Furthermore, it goes without saying that the present invention is not limited to the four-cylinder engine as in the above-described embodiments, but can also be applied to other multi-cylinder engines, such as five-cylinder engines and six-cylinder engines.

(Effects of the Invention) As explained above, according to the present invention, in addition to the independent intake passage extending from at least one space inside the tank extending in the cylinder row direction to each cylinder, the tank In an intake system for a multi-cylinder engine in which a second passage communicating with an internal space is opened and closed by a control valve to obtain an intake inertia effect in a low rotation range and a high rotation range, the valve shaft of the control valve is The supporting boss portion is formed integrally with the tank wall, and extends continuously in the cylinder row direction along the tank wall while surrounding the entire valve shaft in the circumferential direction. Since the walls of the second passage are connected to each other by the boss, the structure can be made more compact, and the rigidity of the tank in the direction of the cylinder row can be ensured to ensure good rigidity and strength, and the expansion of the intake chamber due to engine vibration can be avoided. It is possible to effectively suppress vibrations, thereby ensuring smooth opening and closing of the control valve, and ensuring that the intake inertia effect is exerted in the above-mentioned low rotation range and high rotation range. be.

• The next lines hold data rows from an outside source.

(* Assume $\mathfrak g$ is semisimple. Let $w\in W$ and let $\Omega$ be a prime ideal of $\mathcal S$ such that $w.\Omega$ is prime and both $P^+\cap\mathcal V(\Omega)$ and $P^+\cap\mathcal V(w.\Omega)$ are nonempty. Then $w\in W^\lambda$, where $\lambda=\lambda_\Omega$.
   Context: $F$ is an algebraically closed field of characteristic zero; $\mathfrak g$ is a semisimple Lie algebra over $F$ with Cartan subalgebra $\mathfrak h$, root system $R$, positive system $R^+$, Weyl group $W$, $\rho=\frac12\sum_{\alpha\in R^+}\alpha$, dot action $w.\xi=w(\xi+\rho)-\rho$; $H_\alpha\in\mathfrak h$ is the coroot of $\alpha$. $\mathcal S=S(\mathfrak h)$ is identified with polynomial functions on $\mathfrak h^*$, with $(w.f)(\xi)=f(w^{-1}.\xi)$ and $w.\Omega=\{w.f:f\in\Omega\}$; $\mathcal V(\Omega)$ is the zero set. For a prime $\Omega$, $\mathbb F$ is the fraction field of $\mathcal S/\Omega$ and $\lambda_\Omega$ the $\mathbb F$-linear extension of $\mathfrak h\hookrightarrow\mathcal S\to\mathcal S/\Omega\hookrightarrow\mathbb F$. $P^+$ is the set of dominant integral weights (those $\mu$ with $\dim L(\mu)<\infty$). For $\lambda=\lambda_\Omega$: $R_\lambda=\{\alpha\in R: H_\alpha-n\in\Omega\text{ for some }n\in\mathbb Z\}$, $R^+_\lambda=R^+\cap R_\lambda$, $B_\lambda$ the simple roots of $R_\lambda$ in $R^+_\lambda$, $W^\lambda=\{w\in W:w(B_\lambda)\subseteq R^+\}$. *)

theory Defs
  imports "HOL-Analysis.Analysis" "HOL-Computational_Algebra.Polynomial"
begin

(* h^* is modelled as 'f^'n (coordinates w.r.t. a basis), h as 'f^'n via the
   perfect pairing below: an element H of h acts on xi in h^* as  xi(H). *)

definition pairing :: "'f::comm_ring_1 ^ 'n \<Rightarrow> 'f ^ 'n \<Rightarrow> 'f" where
  "pairing xi H = (\<Sum>i\<in>UNIV. xi $ i * H $ i)"

definition algebraically_closed :: "'f::field itself \<Rightarrow> bool" where
  "algebraically_closed _ \<longleftrightarrow> (\<forall>p :: 'f poly. degree p > 0 \<longrightarrow> (\<exists>x. poly p x = 0))"

(* The root system R \<subseteq> h^* of a semisimple Lie algebra together with the coroot map
   alpha \<mapsto> H_alpha: a finite reduced crystallographic root system spanning h^*. *)
definition root_system :: "('f::field ^ 'n) set \<Rightarrow> ('f ^ 'n \<Rightarrow> 'f ^ 'n) \<Rightarrow> bool" where
  "root_system R H \<longleftrightarrow>
     finite R \<and> 0 \<notin> R \<and>
     (\<forall>xi. \<exists>c. xi = (\<Sum>\<alpha>\<in>R. c \<alpha> *s \<alpha>)) \<and>
     (\<forall>\<alpha>\<in>R. pairing \<alpha> (H \<alpha>) = 2) \<and>
     (\<forall>\<alpha>\<in>R. \<forall>\<beta>\<in>R. \<beta> - pairing \<beta> (H \<alpha>) *s \<alpha> \<in> R) \<and>
     (\<forall>\<alpha>\<in>R. \<forall>\<beta>\<in>R. \<exists>k::int. pairing \<beta> (H \<alpha>) = of_int k) \<and>
     (\<forall>\<alpha>\<in>R. \<forall>c. c *s \<alpha> \<in> R \<longrightarrow> c = 1 \<or> c = -1)"

definition positive_system :: "('f::field ^ 'n) set \<Rightarrow> ('f ^ 'n) set \<Rightarrow> bool" where
  "positive_system R Rp \<longleftrightarrow>
     (\<exists>\<Delta>\<subseteq>R.
        (\<forall>c. (\<Sum>\<delta>\<in>\<Delta>. c \<delta> *s \<delta>) = 0 \<longrightarrow> (\<forall>\<delta>\<in>\<Delta>. c \<delta> = 0)) \<and>
        (\<forall>\<alpha>\<in>R. \<exists>c :: 'f ^ 'n \<Rightarrow> nat.
            \<alpha> = (\<Sum>\<delta>\<in>\<Delta>. of_nat (c \<delta>) *s \<delta>) \<or> \<alpha> = - (\<Sum>\<delta>\<in>\<Delta>. of_nat (c \<delta>) *s \<delta>)) \<and>
        Rp = {\<alpha>\<in>R. \<exists>c :: 'f ^ 'n \<Rightarrow> nat. \<alpha> = (\<Sum>\<delta>\<in>\<Delta>. of_nat (c \<delta>) *s \<delta>)})"

definition reflection :: "('f::field ^ 'n \<Rightarrow> 'f ^ 'n) \<Rightarrow> 'f ^ 'n \<Rightarrow> 'f ^ 'n \<Rightarrow> 'f ^ 'n" where
  "reflection H \<alpha> xi = xi - pairing xi (H \<alpha>) *s \<alpha>"

inductive_set weyl_group :: "('f::field ^ 'n) set \<Rightarrow> ('f ^ 'n \<Rightarrow> 'f ^ 'n) \<Rightarrow> ('f ^ 'n \<Rightarrow> 'f ^ 'n) set"
  for R H where
  weyl_id: "id \<in> weyl_group R H"
| weyl_step: "w \<in> weyl_group R H \<Longrightarrow> \<alpha> \<in> R \<Longrightarrow> reflection H \<alpha> \<circ> w \<in> weyl_group R H"

definition rho :: "('f::field ^ 'n) set \<Rightarrow> 'f ^ 'n" where
  "rho Rp = inverse 2 *s (\<Sum>\<alpha>\<in>Rp. \<alpha>)"

definition dot :: "('f::field ^ 'n) set \<Rightarrow> ('f ^ 'n \<Rightarrow> 'f ^ 'n) \<Rightarrow> 'f ^ 'n \<Rightarrow> 'f ^ 'n" where
  "dot Rp w xi = w (xi + rho Rp) - rho Rp"

(* S = S(h), identified with the polynomial functions on h^* *)
inductive_set polyfun :: "('f::field ^ 'n \<Rightarrow> 'f) set" where
  pf_const: "(\<lambda>_. c) \<in> polyfun"
| pf_lin: "(\<lambda>xi. pairing xi H) \<in> polyfun"
| pf_add: "f \<in> polyfun \<Longrightarrow> g \<in> polyfun \<Longrightarrow> (\<lambda>xi. f xi + g xi) \<in> polyfun"
| pf_mult: "f \<in> polyfun \<Longrightarrow> g \<in> polyfun \<Longrightarrow> (\<lambda>xi. f xi * g xi) \<in> polyfun"

definition dot_fun :: "('f::field ^ 'n) set \<Rightarrow> ('f ^ 'n \<Rightarrow> 'f ^ 'n) \<Rightarrow> ('f ^ 'n \<Rightarrow> 'f) \<Rightarrow> ('f ^ 'n \<Rightarrow> 'f)" where
  "dot_fun Rp w f = (\<lambda>xi. f (dot Rp (inv w) xi))"

definition dot_set :: "('f::field ^ 'n) set \<Rightarrow> ('f ^ 'n \<Rightarrow> 'f ^ 'n) \<Rightarrow> ('f ^ 'n \<Rightarrow> 'f) set \<Rightarrow> ('f ^ 'n \<Rightarrow> 'f) set" where
  "dot_set Rp w \<Omega> = dot_fun Rp w ` \<Omega>"

definition prime_ideal_S :: "('f::field ^ 'n \<Rightarrow> 'f) set \<Rightarrow> bool" where
  "prime_ideal_S \<Omega> \<longleftrightarrow>
     \<Omega> \<subseteq> polyfun \<and> (\<lambda>_. 0) \<in> \<Omega> \<and>
     (\<forall>f\<in>\<Omega>. \<forall>g\<in>\<Omega>. (\<lambda>xi. f xi + g xi) \<in> \<Omega>) \<and>
     (\<forall>f\<in>\<Omega>. \<forall>g\<in>polyfun. (\<lambda>xi. g xi * f xi) \<in> \<Omega>) \<and>
     \<Omega> \<noteq> polyfun \<and>
     (\<forall>f\<in>polyfun. \<forall>g\<in>polyfun. (\<lambda>xi. f xi * g xi) \<in> \<Omega> \<longrightarrow> f \<in> \<Omega> \<or> g \<in> \<Omega>)"

definition zero_set :: "('f::field ^ 'n \<Rightarrow> 'f) set \<Rightarrow> ('f ^ 'n) set" where
  "zero_set \<Omega> = {xi. \<forall>f\<in>\<Omega>. f xi = 0}"

definition dominant_integral :: "('f::field ^ 'n) set \<Rightarrow> ('f ^ 'n \<Rightarrow> 'f ^ 'n) \<Rightarrow> ('f ^ 'n) set" where
  "dominant_integral Rp H = {\<mu>. \<forall>\<alpha>\<in>Rp. \<exists>k::nat. pairing \<mu> (H \<alpha>) = of_nat k}"

(* R_lambda for lambda = lambda_Omega:  alpha with H_alpha - n \<in> Omega for some integer n *)
definition integral_roots :: "('f::field ^ 'n) set \<Rightarrow> ('f ^ 'n \<Rightarrow> 'f ^ 'n) \<Rightarrow> ('f ^ 'n \<Rightarrow> 'f) set \<Rightarrow> ('f ^ 'n) set" where
  "integral_roots R H \<Omega> = {\<alpha>\<in>R. \<exists>n::int. (\<lambda>xi. pairing xi (H \<alpha>) - of_int n) \<in> \<Omega>}"

definition simple_roots :: "('f::field ^ 'n) set \<Rightarrow> ('f ^ 'n) set" where
  "simple_roots P = {\<alpha>\<in>P. \<not> (\<exists>\<beta>\<in>P. \<exists>\<gamma>\<in>P. \<alpha> = \<beta> + \<gamma>)}"

definition B_lambda :: "('f::field ^ 'n) set \<Rightarrow> ('f ^ 'n) set \<Rightarrow> ('f ^ 'n \<Rightarrow> 'f ^ 'n) \<Rightarrow> ('f ^ 'n \<Rightarrow> 'f) set \<Rightarrow> ('f ^ 'n) set" where
  "B_lambda R Rp H \<Omega> = simple_roots (Rp \<inter> integral_roots R H \<Omega>)"

definition W_lambda :: "('f::field ^ 'n) set \<Rightarrow> ('f ^ 'n) set \<Rightarrow> ('f ^ 'n \<Rightarrow> 'f ^ 'n) \<Rightarrow> ('f ^ 'n \<Rightarrow> 'f) set \<Rightarrow> ('f ^ 'n \<Rightarrow> 'f ^ 'n) set" where
  "W_lambda R Rp H \<Omega> = {w \<in> weyl_group R H. w ` B_lambda R Rp H \<Omega> \<subseteq> Rp}"

end

theory Submission
  imports Defs
begin

text \<open>
  Suppose \<alpha> \<in> R^+_\<lambda> but w\<alpha> = -\<beta> with \<beta> \<in> R^+. Pick \<mu> \<in> P^+ \<inter> V(\<Omega>) and
  \<nu> \<in> P^+ \<inter> V(w.\<Omega>), and put \<xi> = w^-1.\<nu> \<in> V(\<Omega>). Since H_\<alpha> - n \<in> \<Omega>, the
  functional H_\<alpha> is constant on V(\<Omega>), so \<langle>\<xi> + \<rho>, H_\<alpha>\<rangle> = \<langle>\<mu> + \<rho>, H_\<alpha>\<rangle>, a
  positive rational. On the other hand, W-invariance of the pairing between
  roots and coroots gives \<langle>\<xi> + \<rho>, H_\<alpha>\<rangle> = \<langle>\<nu> + \<rho>, H_{w\<alpha>}\<rangle> = -\<langle>\<nu> + \<rho>, H_\<beta>\<rangle>,
  a negative rational. Hence w maps all of R^+_\<lambda>, in particular B_\<lambda>, into R^+.
  Positivity of \<langle>\<rho>, H_\<gamma>\<rangle> for \<gamma> \<in> R^+ comes from the identity
  \<langle>\<rho>, H_\<gamma>\<rangle> \<gamma> = \<Sum>{\<beta> \<in> R^+. s_\<gamma>\<beta> \<notin> R^+}, read in coordinates with respect to a base.
\<close>

lemma pairing_add_left: "pairing (x + y) h = pairing x h + pairing y h"
  by (simp add: pairing_def distrib_right sum.distrib)

lemma pairing_diff_left: "pairing (x - y) h = pairing x h - pairing y h"
  by (simp add: pairing_def left_diff_distrib sum_subtractf)

lemma pairing_uminus_left: "pairing (- x) h = - pairing x h"
  by (simp add: pairing_def sum_negf)

lemma pairing_scale_left: "pairing (c *s x) h = c * pairing x h"
  by (simp add: pairing_def sum_distrib_left mult.assoc)

lemma pairing_zero_left: "pairing 0 h = 0"
  by (simp add: pairing_def)

lemma pairing_diff_right: "pairing x (a - b) = pairing x a - pairing x b"
  by (simp add: pairing_def right_diff_distrib sum_subtractf)

lemma pairing_scale_right: "pairing x (c *s h) = c * pairing x h"
  by (simp add: pairing_def sum_distrib_left mult.left_commute)

lemma pairing_sum_left: "pairing (\<Sum>a\<in>A. f a) h = (\<Sum>a\<in>A. pairing (f a) h)"
  unfolding pairing_def by (simp add: sum_distrib_right sum.swap[of _ UNIV A])

lemma sum_vector_smult_left: "(\<Sum>x\<in>A. f x) *s (v::'a::comm_ring_1^'n) = (\<Sum>x\<in>A. f x *s v)"
  by (simp add: vec_eq_iff sum_distrib_right)

lemma finite_translation_closed_zero:
  fixes v :: "'f::field_char_0 ^ 'n"
  assumes "finite S" and "x \<in> S" and "\<And>y. y \<in> S \<Longrightarrow> y + v \<in> S"
  shows "v = 0"
proof (rule ccontr)
  assume "v \<noteq> 0"
  then have "inj (\<lambda>j::nat. x + of_nat j *s v)"
    by (auto intro: injI)
  moreover have "x + of_nat j *s v \<in> S" for j :: nat
  proof (induction j)
    case (Suc j)
    then have "(x + of_nat j *s v) + v \<in> S"
      using assms(3) by blast
    then show ?case
      by (simp add: vector_sadd_rdistrib algebra_simps)
  qed (simp add: assms(2))
  then have "range (\<lambda>j::nat. x + of_nat j *s v) \<subseteq> S"
    by auto
  ultimately show False
    using assms(1) by (meson finite_subset infinite_UNIV_nat finite_imageD)
qed

text \<open>
  The composite of the two reflections moves each root y by (\<langle>y, \<psi>\<rangle> - \<langle>y, \<phi>\<rangle>) a
  without changing that coefficient; finiteness of R forces it to vanish.
\<close>

lemma reflection_functional_unique:
  fixes a \<phi> \<psi> :: "'f::field_char_0 ^ 'n"
  assumes fin: "finite R" and span: "\<forall>\<xi>. \<exists>c. \<xi> = (\<Sum>\<alpha>\<in>R. c \<alpha> *s \<alpha>)"
    and a\<phi>: "pairing a \<phi> = 2" and a\<psi>: "pairing a \<psi> = 2"
    and closed\<phi>: "\<forall>\<gamma>\<in>R. \<gamma> - pairing \<gamma> \<phi> *s a \<in> R"
    and closed\<psi>: "\<forall>\<gamma>\<in>R. \<gamma> - pairing \<gamma> \<psi> *s a \<in> R"
  shows "pairing \<xi> \<phi> = pairing \<xi> \<psi>"
proof -
  define f where "f x = pairing x \<psi> - pairing x \<phi>" for x
  have f_linear: "f (x + c *s a) = f x" for x c
    using a\<phi> a\<psi> by (simp add: f_def pairing_add_left pairing_scale_left algebra_simps)
  have f_roots: "f \<gamma> = 0" if "\<gamma> \<in> R" for \<gamma>
  proof -
    define S where "S = {x\<in>R. f x = f \<gamma>}"
    have "y + f \<gamma> *s a \<in> S" if y: "y \<in> S" for y
    proof -
      define z where "z = y - pairing y \<psi> *s a"
      have "z - pairing z \<phi> *s a = y + f y *s a"
        using a\<phi> by (simp add: z_def f_def pairing_diff_left pairing_scale_left vec_eq_iff algebra_simps)
      moreover have "z - pairing z \<phi> *s a \<in> R"
        using y closed\<phi> closed\<psi> by (simp add: z_def S_def)
      ultimately show ?thesis
        using y f_linear by (simp add: S_def)
    qed
    then have "f \<gamma> *s a = 0"
      using fin that by (intro finite_translation_closed_zero[of S \<gamma>]) (auto simp: S_def)
    moreover have "a \<noteq> 0"
      using a\<phi> by (auto simp: pairing_zero_left)
    ultimately show ?thesis
      by simp
  qed
  obtain c where c: "\<xi> = (\<Sum>\<alpha>\<in>R. c \<alpha> *s \<alpha>)"
    using span by blast
  have "f \<xi> = (\<Sum>\<alpha>\<in>R. c \<alpha> * f \<alpha>)"
    unfolding c f_def by (simp add: pairing_sum_left pairing_scale_left sum_subtractf right_diff_distrib)
  also have "\<dots> = 0"
    using f_roots by simp
  finally show ?thesis
    by (simp add: f_def)
qed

[Brief explanation of drawings]

1 to 4 show embodiments of the present invention;
The figure is a longitudinal sectional side view taken along the - line in Figure 3.
The figure is a longitudinal sectional side view taken along the - line in Figure 3.
The figure is a partially cutaway plan view, and Figure 4 is the same as Figure 1.
FIG. FIG. 5 is a diagram corresponding to FIG. 1 showing another embodiment. 1... Engine body, 4... Cylinder, 6... Independent intake passage, 8... Intake expansion chamber, 8a... First volume chamber, 8b... Second volume chamber, 13... Second passage, 1
4... Control valve, 15... Valve shaft, 16...
...Intake system structure, 17...Tank part, 18...Integrated intake pipe part, 19...Branch intake pipe part, 20...Communication pipe part, 27...Boss part, 28...Rib part.

Claims (1)

[Claims] 1 At least one space formed inside a tank extending in the direction of the cylinder row and each cylinder are connected by each independent intake passage for each cylinder, and the middle of each independent intake passage is connected to a space inside the tank, respectively. In an intake system for a multi-cylinder engine, the boss portion supporting the valve shaft of the control valve is provided with a second passage communicating with the engine, and each second passage is provided with a control valve that opens and closes depending on the operating state of the engine.
The valve shaft is formed integrally with the constituent wall of the tank, and extends continuously in the direction of the cylinder row along the constituent wall of the tank while surrounding the entire circumferential direction of the valve shaft. An intake system for a multi-cylinder engine characterized by connecting the walls of two passages.